Winning a legalization vote in California means continuing to mobilize labor and civil rights groups, he said. And the stars are aligning.

"Organized labor has to be at the table of what is clearly a burgeoning industry with thousands of viable jobs from agriculture to retail. For mainstream civil rights organizations, the racial profiling that is at the center of marijuana enforcement is an issue that intersects with groups with whom they are naturally allied on other issues. We're seeing a confluence of economic and racial justice issues at a time when mainstream voters are expressing a fatigue with the drug war in general and a contempt for marijuana prohibition in particular," Gutwillig argued.

"The SEIU's endorsement of Prop 19 in California opened the door to a serious conversation with the service employee unions all across the country, said Gutwillig. "The SEIU also took a long look at the Washington initiative, but didn't think the numbers were there. But even that examination was significant. The SEIU thought the timing wasn't right last year, but all of this will be in play again and all of this represents real progress in coalition building. This conversation is taking place in a way that was unimaginable five years ago."

Gutwillig identified one more constituency reformers will be working to draw closer: the Democratic Party and its voters.

"The California Democratic Party took a neutral position, but a majority of county Democratic committees endorsed Prop 19," he noted. "That signals that there will be real conversations about what role marijuana legalization will play in terms of turnout among traditional Democratic voters."

Long-time CANORML head and veteran scene-watcher Dale Gieringer doesn't think winning outright marijuana legalization is going to be easy despite the coalition-building. Instead, he is talking about getting to the Promised Land through small steps and by broadening the existing medical marijuana system with its population of legally sanctioned adult users and providers.

Gieringer wants to down-grade minor marijuana distribution and cultivation offenses from felonies to misdemeanors, legalize private adult use, and establish a legally-regulated production system that includes manufacturing, processing, delivery, and legal sales to legally authorized users, namely anyone who has a medical marijuana recommendation.

"That would leave room for local governments to expand the universe of authorized users" without explicitly legalizing non-medicinal sale to adults, Gieringer said. "Taking on adult sales at this moment is premature, but we can write a law that opens the door to adult sales without explicitly doing it immediately."

Medical Marijuana

Using California's existing medical marijuana program as a segue to adult legalization, however, requires something the state still lacks: clarity about what is and is not allowed by Proposition 215 and the legislature's attempt to clarify it, SB 420. Some state prosecutors insist that no medical marijuana sales are legal, and the courts have yet to provide rigorous guidance.
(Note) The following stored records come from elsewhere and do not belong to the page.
lemma ear_in_paths_through:
  assumes f: "f \<notin> C" and q: "ear vs es" "f \<in> set es"
  shows "set es \<in> paths_through V E ends C f"
proof -
  have P: "is_path (E - C) ends vs es" and hl: "hd vs \<noteq> last vs" "hd vs \<in> VC" "last vs \<in> VC"
    using q by (auto simp: ear_def)
  have D: "set es \<subseteq> bridge f" using ear_edges_in_bridge[OF f q] .
  have "es \<noteq> []" using q(2) by auto
  then have "verts_of ends (set es) = set vs" by (rule is_path_verts[OF P])
  then have "hd vs \<in> verts_of ends (set es)" "last vs \<in> verts_of ends (set es)"
    using is_path_ne[OF P] by auto
  then have "hd vs \<in> attach f" "last vs \<in> attach f"
    using D hl(2,3) by (auto simp: attachments_def verts_of_def)
  moreover have "is_path (bridge f) ends vs es" using is_path_mono[OF P D] .
  ultimately show ?thesis unfolding paths_through_def using hl(1) by blast
qed

lemma ear_reroute:
  assumes q: "ear vs es" and i: "i < k" "es ! i = f" and k: "0 < k" "k < length es"
    and T: "vpath (adjacent ends (E - C)) (vs ! k # rs @ [w])"
    and rs: "set rs \<inter> set vs = {}" "set rs \<inter> VC = {}" and w: "w \<in> VC" "w \<notin> set vs"
  obtains vs' es' where "ear vs' es'" "f \<in> set es'" "set es' \<noteq> set es"
proof -
  have P: "is_path (E - C) ends vs es" and hl: "hd vs \<in> VC" using q by (auto simp: ear_def)
  have lv: "length vs = Suc (length es)" using is_path_len[OF P] .
  obtain esT where pT: "is_path (E - C) ends (vs ! k # rs @ [w]) esT"
    using vpath_adjacent_is_path[OF T] by blast
  have "is_path (E - C) ends (take (Suc k) vs) (take k es)" using is_path_take[OF P] k by simp
  moreover have "last (take (Suc k) vs) = vs ! k" using k lv by (simp add: take_Suc_conv_app_nth)
  moreover have "set (take (Suc k) vs) \<subseteq> set vs" by (rule set_take_subset)
  ultimately have "is_path (E - C) ends (take (Suc k) vs @ tl (vs ! k # rs @ [w])) (take k es @ esT)"
    using rs(1) w(2) by (intro is_path_append[OF _ pT]) auto
  then have P': "is_path (E - C) ends (take (Suc k) vs @ rs @ [w]) (take k es @ esT)" by simp
  define vs' where "vs' = take (Suc k) vs @ rs @ [w]"
  have h': "hd vs' = hd vs" using lv unfolding vs'_def by (cases vs) auto
  have l': "last vs' = w" unfolding vs'_def by simp
  have "hd vs \<noteq> w" using w(2) is_path_ne[OF P] by auto
  moreover have "v = hd vs' \<or> v = last vs'" if v: "v \<in> set vs'" "v \<in> VC" for v
  proof (cases "v \<in> set (take (Suc k) vs)")
    case True
    then obtain j where "j < Suc k" "vs ! j = v" using k lv by (auto simp: in_set_conv_nth)
    then have "j = 0" using ear_inner_vertex[OF q, of j] k v(2) by (cases j) auto
    then show ?thesis using \<open>vs ! j = v\<close> is_path_hd[OF P] h' by simp
  next
    case False
    then show ?thesis using v rs(2) l' by (auto simp: vs'_def)
  qed
  ultimately have e': "ear vs' (take k es @ esT)" unfolding ear_def using P' h' l' hl w(1) vs'_def by simp
  have fin: "f \<in> set (take k es @ esT)" using i k by (auto simp: in_set_conv_nth intro!: exI[of _ i])
  have "take k es @ esT \<noteq> []" using fin by (metis empty_iff list.set(1))
  then have "w \<in> verts_of ends (set (take k es @ esT))" using is_path_verts[OF P'] k by simp
  moreover have "es \<noteq> []" using k by auto
  then have "w \<notin> verts_of ends (set es)" using is_path_verts[OF P] w(2) by simp
  ultimately have "set (take k es @ esT) \<noteq> set es" by auto
  then show ?thesis using that e' fin by blast
qed

text \<open>An attachment w of the bridge of f that is not an end of an ear through f is reached from
  f inside the bridge; following that route from the last vertex where it leaves the ear gives a
  second ear through f, ending at w.\<close>
lemma ear_through_other_attachment:
  assumes f: "\<not> ends f \<subseteq> VC" and q: "ear vs es" "f \<in> set es"
    and w: "w \<in> attach f" "w \<noteq> hd vs" "w \<noteq> last vs"
  obtains vs' es' where "ear vs' es'" "f \<in> set es'" "set es' \<noteq> set es"
proof -
  define n where "n = length es"
  have P: "is_path (E - C) ends vs es" using q(1) by (simp add: ear_def)
  have wVC: "w \<in> VC" using w(1) by (auto simp: attachments_def)
  obtain g where g: "g \<in> bridge f" "w \<in> ends g" using w(1) by (auto simp: attachments_def verts_of_def)
  have gE: "g \<in> E - C" "ends g \<inter> bridge_component f \<noteq> {}" using g(1) f by (auto simp: bridge_edges_def)
  obtain w' where w': "w' \<noteq> w" "ends g = {w, w'}" using graph_other_end[OF graph _ g(2)] gE(1) by blast
  have "w \<notin> bridge_component f" using wVC by (auto simp: bridge_comp_def)
  then have "w' \<in> bridge_component f" using gE(2) w' by auto
  then obtain x1 where x1: "x1 \<in> ends f" "x1 \<notin> VC" "(x1, w') \<in> (adj_avoid E ends VC)\<^sup>*"
    by (auto simp: bridge_comp_def)
  obtain P0 where P0: "vpath (\<lambda>a b. (a, b) \<in> adj_avoid E ends VC) P0" "hd P0 = x1" "last P0 = w'"
    "set P0 \<subseteq> insert x1 (Range (adj_avoid E ends VC))" by (rule rtrancl_imp_vpath[OF x1(3)])
  have P0VC: "set P0 \<inter> VC = {}" using P0(4) x1(2) by (auto simp: adj_avoid_def)
  obtain i where i: "i < n" "es ! i = f" using q(2) n_def by (metis in_set_conv_nth)
  have "x1 \<in> set vs" using x1(1) is_path_edge[OF P, of i] i n_def is_path_len[OF P] by auto
  then have "\<exists>z\<in>set P0. z \<in> set vs" using P0(1,2) by (metis hd_in_set vpath_def)
  then obtain r1 p r2 where P0e: "P0 = r1 @ p # r2" and p: "p \<in> set vs"
    and r2: "set r2 \<inter> set vs = {}"
    using split_list_last_prop[of P0 "\<lambda>z. z \<in> set vs"] by blast
  have pVC: "p \<notin> VC" "set r2 \<inter> VC = {}" using P0VC P0e by auto
  obtain k where k: "0 < k" "k < n" "vs ! k = p" using ear_vertex_off_C[OF q(1) p pVC(1)] n_def by blast
  have "vpath (\<lambda>a b. (a, b) \<in> adj_avoid E ends VC) (p # r2)"
    using vpath_suffix[of _ r1 "p # r2"] P0(1) P0e by simp
  then have "vpath (adjacent ends (E - C)) (p # r2)"
    by (rule vpath_mono) (use ends_subset_VC in \<open>fastforce simp: adj_avoid_def adjacent_def\<close>)
  moreover have "adjacent ends (E - C) (last (p # r2)) w"
    using P0(3) P0e gE(1) w' by (auto simp: adjacent_def insert_commute)
  moreover have "w \<notin> set (p # r2)" using pVC wVC by auto
  ultimately have T: "vpath (adjacent ends (E - C)) (p # r2 @ [w])" using vpath_snoc by fastforce
  have wv: "w \<notin> set vs" using q(1) w(2,3) wVC unfolding ear_def by blast
  show ?thesis
  proof (cases "i < k")
    case True
    show ?thesis by (rule ear_reroute[OF q(1) True i(2) k(1) k(2)[unfolded n_def]])
      (use T k(3) r2 pVC(2) wVC wv that in auto)
  next
    case False
    have idx: "rev es ! (n - 1 - i) = f" "rev vs ! (n - k) = p"
      using i k n_def is_path_len[OF P] by (simp_all add: rev_nth)
    have ik: "n - 1 - i < n - k" "0 < n - k" "n - k < length (rev es)"
      using False i(1) k n_def by auto
    have T': "vpath (adjacent ends (E - C)) (rev vs ! (n - k) # r2 @ [w])" using T idx(2) by simp
    have r2': "set r2 \<inter> set (rev vs) = {}" and wv': "w \<notin> set (rev vs)" using r2 wv by auto
    obtain vs' es' where "ear vs' es'" "f \<in> set es'" "set es' \<noteq> set (rev es)"
      by (rule ear_reroute[OF ear_rev[OF q(1)] ik(1) idx(1) ik(2,3) T' r2' pVC(2) wVC wv'])
    then show ?thesis using that by simp
  qed
qed

lemma bridge_subset: "f \<in> E \<Longrightarrow> f \<notin> C \<Longrightarrow> bridge f \<subseteq> E - C"
  by (auto simp: bridge_edges_def)

lemma path_through_chord:
  assumes f: "ends f \<subseteq> VC" and p: "is_path (bridge f) ends ws fs" "f \<in> set fs"
  obtains a b where "ws = [a, b]"
proof -
  have "set fs = {f}" using f p is_path_set[OF p(1)] by (auto simp: bridge_edges_def)
  then have "length fs = 1" using distinct_card[OF is_path_distinct_es[OF p(1)]] by simp
  then show ?thesis using is_path_len[OF p(1)] that by (auto simp: length_Suc_conv numeral_2_eq_2)
qed

lemma path_through_is_ear:
  assumes f: "f \<in> E" "f \<notin> C" and nb: "neg_battery E ends \<sigma> f"
    and p: "is_path (bridge f) ends ws fs" "hd ws \<noteq> last ws" "hd ws \<in> attach f" "last ws \<in> attach f"
      "f \<in> set fs"
  shows "ear ws fs"
proof -
  obtain vs es where q: "ear vs es" "f \<in> set es" using edge_on_ear[OF f] .
  have agree: "set es' = set es" if "ear vs' es'" "f \<in> set es'" for vs' es'
    using nb neg_battery_iff_ears_agree[OF f] q that by blast
  have "\<forall>x\<in>set ws. x \<in> VC \<longrightarrow> x = hd ws \<or> x = last ws"
  proof (rule ccontr)
    assume "\<not> ?thesis"
    then obtain x where x: "x \<in> set ws" "x \<in> VC" "x \<noteq> hd ws" "x \<noteq> last ws" by blast
    have fs: "fs \<noteq> []" using p(5) by auto
    have "set ws \<subseteq> verts_of ends (bridge f)" using is_path_verts_subset[OF p(1) fs] .
    then have xA: "x \<in> attach f" using x by (auto simp: attachments_def)
    show False
    proof (cases "ends f \<subseteq> VC")
      case True
      then obtain a b where "ws = [a, b]" using path_through_chord p(1,5) by blast
      then show False using x by auto
    next
      case False
      have "\<exists>w\<in>{hd ws, last ws, x}. w \<noteq> hd vs \<and> w \<noteq> last vs" using p(2) x(3,4) by auto
      then obtain w where w: "w \<in> attach f" "w \<noteq> hd vs" "w \<noteq> last vs" using p(3,4) xA by blast
      obtain vs' es' where "ear vs' es'" "f \<in> set es'" "set es' \<noteq> set es"
        by (rule ear_through_other_attachment[OF False q w])
      then show False using agree by blast
    qed
  qed
  moreover have "is_path (E - C) ends ws fs"
    using is_path_mono[OF p(1)] is_path_set[OF p(1)] bridge_subset[OF f] by blast
  moreover have "hd ws \<in> VC" "last ws \<in> VC" using p(3,4) by (auto simp: attachments_def)
  ultimately show ?thesis unfolding ear_def using p(2) by blast
qed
Cases have been and are being prosecuted in those counties, meaning that access to medical marijuana depends to a great extent on where one lives within California.

"Fixing the medical marijuana system has to be integral and a number one priority," said Gieringer. "We have to make changes to the medical marijuana system. The public is not happy with the current situation and would like something that is better regulated. A lot of operators feel the same way, but have differing opinions about what would be nice."

While a fix could come through the legislature, Gieringer was leery. "I can't see the legislature passing anything we would like," he said. "Given the level of support we have in Sacramento, we could probably get a bill to clearly allow medical marijuana sales, but it would also likely be loaded down with things we would find unacceptable, like 1000-foot provisions, no on-site smoking, no sale of edibles and the like," he predicted.

"They dickered around with it last year, but it was mainly about extracting money from everybody," Gieringer continued. "What's really needed is to clarify what's legal and what isn't."

Gieringer suggested that the people working on marijuana legalization initiatives include clarifying medical marijuana sales. "I think we could get something better through a vote of the people," he said. "I am hoping that medical marijuana reform will be part of the next legalization effort if there is one."

Such a strategy also has the potential of blunting opposition to a legalization initiative within the medical marijuana community. Some dispensary operators and medical marijuana patients were among the harshest critics of Prop 19.

Job protection for medical marijuana users is another area with the potential for coalition-building. State Sen. Mark Leno (D-San Francisco) has introduced a bill to prevent most employers from firing medical marijuana users who test positive for the drug. Perhaps unions, who, after all, represent workers, would be amenable to working on the issue.

Sentencing Reform

California's bloated prison system, with its insatiable, dollar-gobbling budgetary demands has seen some sentencing reform, most notably the passage by initiative of the "treatment not jail" Proposition 36. But the prisons remain full, and with no state money for the treatment end of Prop 36, it's only the law enforcement side of the equation that is fully functioning.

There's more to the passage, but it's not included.